▸ **Assignment**
Repeat only the stretch of lines below that runs from the line with "unit_sq W \<Longrightarrow>" through the line with "unfolding rearr_def by", unaltered.

(Collected data entries)
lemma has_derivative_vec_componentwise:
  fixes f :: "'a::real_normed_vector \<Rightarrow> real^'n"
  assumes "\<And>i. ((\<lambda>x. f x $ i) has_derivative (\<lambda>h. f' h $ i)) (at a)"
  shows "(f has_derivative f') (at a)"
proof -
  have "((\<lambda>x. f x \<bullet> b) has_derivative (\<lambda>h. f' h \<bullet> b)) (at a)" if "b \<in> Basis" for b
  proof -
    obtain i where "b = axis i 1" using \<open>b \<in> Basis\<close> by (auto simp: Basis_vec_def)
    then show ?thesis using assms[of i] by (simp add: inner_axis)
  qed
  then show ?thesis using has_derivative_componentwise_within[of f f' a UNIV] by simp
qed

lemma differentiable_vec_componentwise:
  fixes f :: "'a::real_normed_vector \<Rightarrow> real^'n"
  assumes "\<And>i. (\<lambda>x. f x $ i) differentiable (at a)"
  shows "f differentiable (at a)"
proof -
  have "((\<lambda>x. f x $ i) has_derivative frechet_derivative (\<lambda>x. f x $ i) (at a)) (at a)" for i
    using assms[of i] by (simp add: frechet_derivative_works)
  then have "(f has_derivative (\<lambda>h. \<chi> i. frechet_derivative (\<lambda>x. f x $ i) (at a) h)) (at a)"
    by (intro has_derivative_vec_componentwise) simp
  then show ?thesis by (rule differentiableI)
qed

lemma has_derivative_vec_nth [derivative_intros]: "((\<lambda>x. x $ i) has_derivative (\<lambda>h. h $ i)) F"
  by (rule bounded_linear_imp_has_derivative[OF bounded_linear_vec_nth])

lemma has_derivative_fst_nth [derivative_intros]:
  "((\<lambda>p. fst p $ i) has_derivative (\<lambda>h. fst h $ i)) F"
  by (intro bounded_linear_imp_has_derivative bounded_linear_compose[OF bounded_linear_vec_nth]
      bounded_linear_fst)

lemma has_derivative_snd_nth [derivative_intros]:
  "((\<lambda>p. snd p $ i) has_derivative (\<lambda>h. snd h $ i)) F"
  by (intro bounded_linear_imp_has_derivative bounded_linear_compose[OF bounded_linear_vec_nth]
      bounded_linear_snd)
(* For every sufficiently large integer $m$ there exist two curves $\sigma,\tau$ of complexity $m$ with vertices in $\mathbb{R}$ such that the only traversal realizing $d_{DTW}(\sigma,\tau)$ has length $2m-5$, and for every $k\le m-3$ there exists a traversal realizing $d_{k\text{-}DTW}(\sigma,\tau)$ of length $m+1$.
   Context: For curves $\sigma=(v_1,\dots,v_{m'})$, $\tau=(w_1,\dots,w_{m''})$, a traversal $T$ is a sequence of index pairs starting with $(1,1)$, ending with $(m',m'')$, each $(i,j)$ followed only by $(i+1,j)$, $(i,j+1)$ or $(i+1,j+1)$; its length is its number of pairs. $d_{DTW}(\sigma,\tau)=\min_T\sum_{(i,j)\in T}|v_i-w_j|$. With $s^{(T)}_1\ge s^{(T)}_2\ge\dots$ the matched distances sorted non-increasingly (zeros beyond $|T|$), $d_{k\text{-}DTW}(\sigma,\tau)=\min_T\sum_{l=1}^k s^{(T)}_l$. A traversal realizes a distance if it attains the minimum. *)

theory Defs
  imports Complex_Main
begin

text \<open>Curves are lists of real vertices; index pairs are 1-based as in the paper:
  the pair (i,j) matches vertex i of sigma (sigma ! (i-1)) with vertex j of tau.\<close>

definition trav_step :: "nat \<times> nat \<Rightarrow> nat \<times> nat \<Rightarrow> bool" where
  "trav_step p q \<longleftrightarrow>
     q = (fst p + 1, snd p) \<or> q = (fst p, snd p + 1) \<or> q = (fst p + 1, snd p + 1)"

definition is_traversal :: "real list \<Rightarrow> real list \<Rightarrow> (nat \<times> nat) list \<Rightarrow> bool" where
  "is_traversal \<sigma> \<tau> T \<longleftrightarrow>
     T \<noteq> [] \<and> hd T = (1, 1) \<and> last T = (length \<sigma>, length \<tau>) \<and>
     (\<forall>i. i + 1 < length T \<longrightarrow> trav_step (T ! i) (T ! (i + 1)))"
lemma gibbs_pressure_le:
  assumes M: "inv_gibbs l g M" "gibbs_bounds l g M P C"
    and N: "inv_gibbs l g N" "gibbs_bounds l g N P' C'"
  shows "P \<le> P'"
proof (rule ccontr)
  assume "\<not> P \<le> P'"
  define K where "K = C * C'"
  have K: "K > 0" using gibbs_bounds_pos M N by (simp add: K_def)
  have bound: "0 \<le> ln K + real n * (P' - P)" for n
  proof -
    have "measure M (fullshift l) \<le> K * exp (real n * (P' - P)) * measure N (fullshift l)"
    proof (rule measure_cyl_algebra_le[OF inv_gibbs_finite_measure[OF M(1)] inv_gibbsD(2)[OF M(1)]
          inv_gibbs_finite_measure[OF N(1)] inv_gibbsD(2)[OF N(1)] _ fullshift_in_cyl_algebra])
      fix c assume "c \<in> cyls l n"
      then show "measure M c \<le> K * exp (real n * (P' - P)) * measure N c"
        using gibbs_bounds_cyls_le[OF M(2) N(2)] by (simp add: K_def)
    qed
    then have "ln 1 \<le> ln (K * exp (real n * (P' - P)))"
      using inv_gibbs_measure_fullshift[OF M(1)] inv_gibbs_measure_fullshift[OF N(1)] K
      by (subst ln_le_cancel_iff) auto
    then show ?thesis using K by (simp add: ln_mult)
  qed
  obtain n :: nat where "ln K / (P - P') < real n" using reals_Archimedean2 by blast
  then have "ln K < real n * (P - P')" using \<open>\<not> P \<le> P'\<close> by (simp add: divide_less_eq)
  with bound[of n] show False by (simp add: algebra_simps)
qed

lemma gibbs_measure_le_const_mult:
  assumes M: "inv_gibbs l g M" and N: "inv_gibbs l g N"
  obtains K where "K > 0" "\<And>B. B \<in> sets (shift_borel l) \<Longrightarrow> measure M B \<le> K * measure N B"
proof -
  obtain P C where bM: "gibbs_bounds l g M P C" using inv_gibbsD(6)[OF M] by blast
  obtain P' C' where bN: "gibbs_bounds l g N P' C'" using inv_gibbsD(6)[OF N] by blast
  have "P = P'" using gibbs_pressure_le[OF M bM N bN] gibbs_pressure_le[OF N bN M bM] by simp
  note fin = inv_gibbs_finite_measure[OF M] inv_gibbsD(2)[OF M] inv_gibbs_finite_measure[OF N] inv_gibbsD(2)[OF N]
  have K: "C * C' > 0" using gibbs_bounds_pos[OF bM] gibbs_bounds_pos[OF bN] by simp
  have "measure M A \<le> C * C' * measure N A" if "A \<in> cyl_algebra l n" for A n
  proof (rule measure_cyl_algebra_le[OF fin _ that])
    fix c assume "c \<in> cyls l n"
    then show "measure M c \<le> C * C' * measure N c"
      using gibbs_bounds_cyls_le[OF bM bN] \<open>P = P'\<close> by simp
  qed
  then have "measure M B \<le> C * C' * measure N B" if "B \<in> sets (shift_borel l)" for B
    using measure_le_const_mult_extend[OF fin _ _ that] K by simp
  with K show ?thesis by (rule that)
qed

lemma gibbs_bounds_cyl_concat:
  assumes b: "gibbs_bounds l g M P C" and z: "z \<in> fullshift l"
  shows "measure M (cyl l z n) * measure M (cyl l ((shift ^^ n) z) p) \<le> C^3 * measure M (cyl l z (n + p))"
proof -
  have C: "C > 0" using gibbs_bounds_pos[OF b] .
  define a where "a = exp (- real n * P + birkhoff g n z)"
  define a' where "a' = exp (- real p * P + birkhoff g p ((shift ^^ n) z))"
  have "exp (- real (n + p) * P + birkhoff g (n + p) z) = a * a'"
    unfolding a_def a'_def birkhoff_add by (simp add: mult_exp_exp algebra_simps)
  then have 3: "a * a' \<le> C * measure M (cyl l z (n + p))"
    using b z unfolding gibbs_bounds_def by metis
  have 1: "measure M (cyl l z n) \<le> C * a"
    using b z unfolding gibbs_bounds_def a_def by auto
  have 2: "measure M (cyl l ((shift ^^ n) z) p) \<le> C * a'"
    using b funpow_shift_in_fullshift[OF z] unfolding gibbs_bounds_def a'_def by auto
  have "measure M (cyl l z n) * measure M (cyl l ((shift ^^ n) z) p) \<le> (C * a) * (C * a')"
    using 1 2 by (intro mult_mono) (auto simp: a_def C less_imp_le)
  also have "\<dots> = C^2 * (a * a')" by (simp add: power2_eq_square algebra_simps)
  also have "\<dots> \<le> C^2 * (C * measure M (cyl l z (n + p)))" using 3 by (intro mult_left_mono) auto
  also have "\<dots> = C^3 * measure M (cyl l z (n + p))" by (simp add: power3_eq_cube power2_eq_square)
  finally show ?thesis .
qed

==

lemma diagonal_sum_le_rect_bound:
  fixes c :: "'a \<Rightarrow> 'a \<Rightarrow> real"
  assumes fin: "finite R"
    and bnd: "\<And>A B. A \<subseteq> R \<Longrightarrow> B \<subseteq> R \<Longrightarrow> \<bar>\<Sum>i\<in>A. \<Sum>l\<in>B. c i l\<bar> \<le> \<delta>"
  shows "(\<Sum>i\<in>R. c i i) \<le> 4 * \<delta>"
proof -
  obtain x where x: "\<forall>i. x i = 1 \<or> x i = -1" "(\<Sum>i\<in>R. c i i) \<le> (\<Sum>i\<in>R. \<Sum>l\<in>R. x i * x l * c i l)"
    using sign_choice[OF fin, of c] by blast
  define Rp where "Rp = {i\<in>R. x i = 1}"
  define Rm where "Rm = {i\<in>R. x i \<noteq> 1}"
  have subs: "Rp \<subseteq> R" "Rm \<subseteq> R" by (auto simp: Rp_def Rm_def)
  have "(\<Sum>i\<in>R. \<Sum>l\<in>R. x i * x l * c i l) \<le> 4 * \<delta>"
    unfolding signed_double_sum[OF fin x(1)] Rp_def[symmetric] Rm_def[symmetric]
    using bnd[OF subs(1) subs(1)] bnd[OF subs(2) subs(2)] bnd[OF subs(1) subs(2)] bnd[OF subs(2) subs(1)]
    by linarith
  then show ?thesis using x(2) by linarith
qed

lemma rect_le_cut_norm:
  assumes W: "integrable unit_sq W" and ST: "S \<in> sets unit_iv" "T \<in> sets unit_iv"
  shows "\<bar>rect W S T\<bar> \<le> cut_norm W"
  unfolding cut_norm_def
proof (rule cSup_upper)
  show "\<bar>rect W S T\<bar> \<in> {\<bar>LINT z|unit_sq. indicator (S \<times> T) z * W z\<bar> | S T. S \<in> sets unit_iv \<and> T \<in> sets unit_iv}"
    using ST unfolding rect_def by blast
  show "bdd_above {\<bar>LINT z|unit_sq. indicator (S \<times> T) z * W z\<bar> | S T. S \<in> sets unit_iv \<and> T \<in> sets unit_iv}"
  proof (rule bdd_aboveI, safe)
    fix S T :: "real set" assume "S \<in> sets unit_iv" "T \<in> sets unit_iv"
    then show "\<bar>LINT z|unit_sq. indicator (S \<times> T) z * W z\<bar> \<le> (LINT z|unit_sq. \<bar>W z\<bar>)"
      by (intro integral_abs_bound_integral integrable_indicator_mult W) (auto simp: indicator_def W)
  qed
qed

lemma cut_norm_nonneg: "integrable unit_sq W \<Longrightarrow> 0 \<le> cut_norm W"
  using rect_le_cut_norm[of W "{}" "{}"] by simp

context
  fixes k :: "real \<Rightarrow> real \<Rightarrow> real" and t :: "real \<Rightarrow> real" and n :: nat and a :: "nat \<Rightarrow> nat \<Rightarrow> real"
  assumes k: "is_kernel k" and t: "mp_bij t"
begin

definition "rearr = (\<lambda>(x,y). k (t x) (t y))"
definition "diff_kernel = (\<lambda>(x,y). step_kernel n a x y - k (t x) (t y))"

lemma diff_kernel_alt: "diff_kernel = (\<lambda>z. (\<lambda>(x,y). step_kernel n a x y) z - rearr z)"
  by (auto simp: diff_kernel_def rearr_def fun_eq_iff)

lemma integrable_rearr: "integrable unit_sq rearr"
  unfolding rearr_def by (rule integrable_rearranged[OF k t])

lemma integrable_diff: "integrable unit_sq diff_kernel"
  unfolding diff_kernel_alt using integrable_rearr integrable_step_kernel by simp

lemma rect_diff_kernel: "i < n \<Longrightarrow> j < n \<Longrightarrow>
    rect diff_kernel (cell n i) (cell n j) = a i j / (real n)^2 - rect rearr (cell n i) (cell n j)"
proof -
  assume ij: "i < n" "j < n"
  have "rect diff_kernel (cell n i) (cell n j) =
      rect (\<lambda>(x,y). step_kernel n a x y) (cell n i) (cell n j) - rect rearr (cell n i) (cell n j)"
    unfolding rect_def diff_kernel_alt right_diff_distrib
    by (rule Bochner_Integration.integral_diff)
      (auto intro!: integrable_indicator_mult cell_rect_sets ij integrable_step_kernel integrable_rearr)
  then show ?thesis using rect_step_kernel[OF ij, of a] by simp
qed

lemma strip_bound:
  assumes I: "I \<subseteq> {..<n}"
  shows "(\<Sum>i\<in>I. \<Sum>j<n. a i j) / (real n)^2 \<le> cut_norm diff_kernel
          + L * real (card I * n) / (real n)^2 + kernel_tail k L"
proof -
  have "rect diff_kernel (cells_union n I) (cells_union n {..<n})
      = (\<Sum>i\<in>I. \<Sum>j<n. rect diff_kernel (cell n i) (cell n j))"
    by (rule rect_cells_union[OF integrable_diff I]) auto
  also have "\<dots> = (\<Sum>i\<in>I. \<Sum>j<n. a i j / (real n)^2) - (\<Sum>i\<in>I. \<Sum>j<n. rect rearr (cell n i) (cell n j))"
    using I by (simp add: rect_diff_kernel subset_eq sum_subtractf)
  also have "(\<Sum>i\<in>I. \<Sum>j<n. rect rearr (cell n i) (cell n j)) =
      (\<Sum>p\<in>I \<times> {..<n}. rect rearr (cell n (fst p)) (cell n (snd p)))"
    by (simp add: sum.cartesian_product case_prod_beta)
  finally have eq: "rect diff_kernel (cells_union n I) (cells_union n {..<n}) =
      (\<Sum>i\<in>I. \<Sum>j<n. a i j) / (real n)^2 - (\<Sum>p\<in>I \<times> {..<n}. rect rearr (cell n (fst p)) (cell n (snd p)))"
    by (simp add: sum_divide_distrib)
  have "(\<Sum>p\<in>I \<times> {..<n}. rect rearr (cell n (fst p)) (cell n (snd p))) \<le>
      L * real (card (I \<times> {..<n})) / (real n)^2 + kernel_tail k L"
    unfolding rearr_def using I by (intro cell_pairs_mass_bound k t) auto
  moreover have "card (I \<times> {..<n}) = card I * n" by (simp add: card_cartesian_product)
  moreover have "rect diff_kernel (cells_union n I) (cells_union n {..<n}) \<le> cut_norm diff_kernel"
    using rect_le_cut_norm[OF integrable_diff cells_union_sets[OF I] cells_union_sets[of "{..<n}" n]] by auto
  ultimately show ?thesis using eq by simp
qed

▸ **Written response**
lemma cut_norm_nonneg: "integrable unit_sq W \<Longrightarrow> 0 \<le> cut_norm W"
  using rect_le_cut_norm[of W "{}" "{}"] by simp

context
  fixes k :: "real \<Rightarrow> real \<Rightarrow> real" and t :: "real \<Rightarrow> real" and n :: nat and a :: "nat \<Rightarrow> nat \<Rightarrow> real"
  assumes k: "is_kernel k" and t: "mp_bij t"
begin

definition "rearr = (\<lambda>(x,y). k (t x) (t y))"
definition "diff_kernel = (\<lambda>(x,y). step_kernel n a x y - k (t x) (t y))"

lemma diff_kernel_alt: "diff_kernel = (\<lambda>z. (\<lambda>(x,y). step_kernel n a x y) z - rearr z)"
  by (auto simp: diff_kernel_def rearr_def fun_eq_iff)

lemma integrable_rearr: "integrable unit_sq rearr"
  unfolding rearr_def by (rule integrable_rearranged[OF k t])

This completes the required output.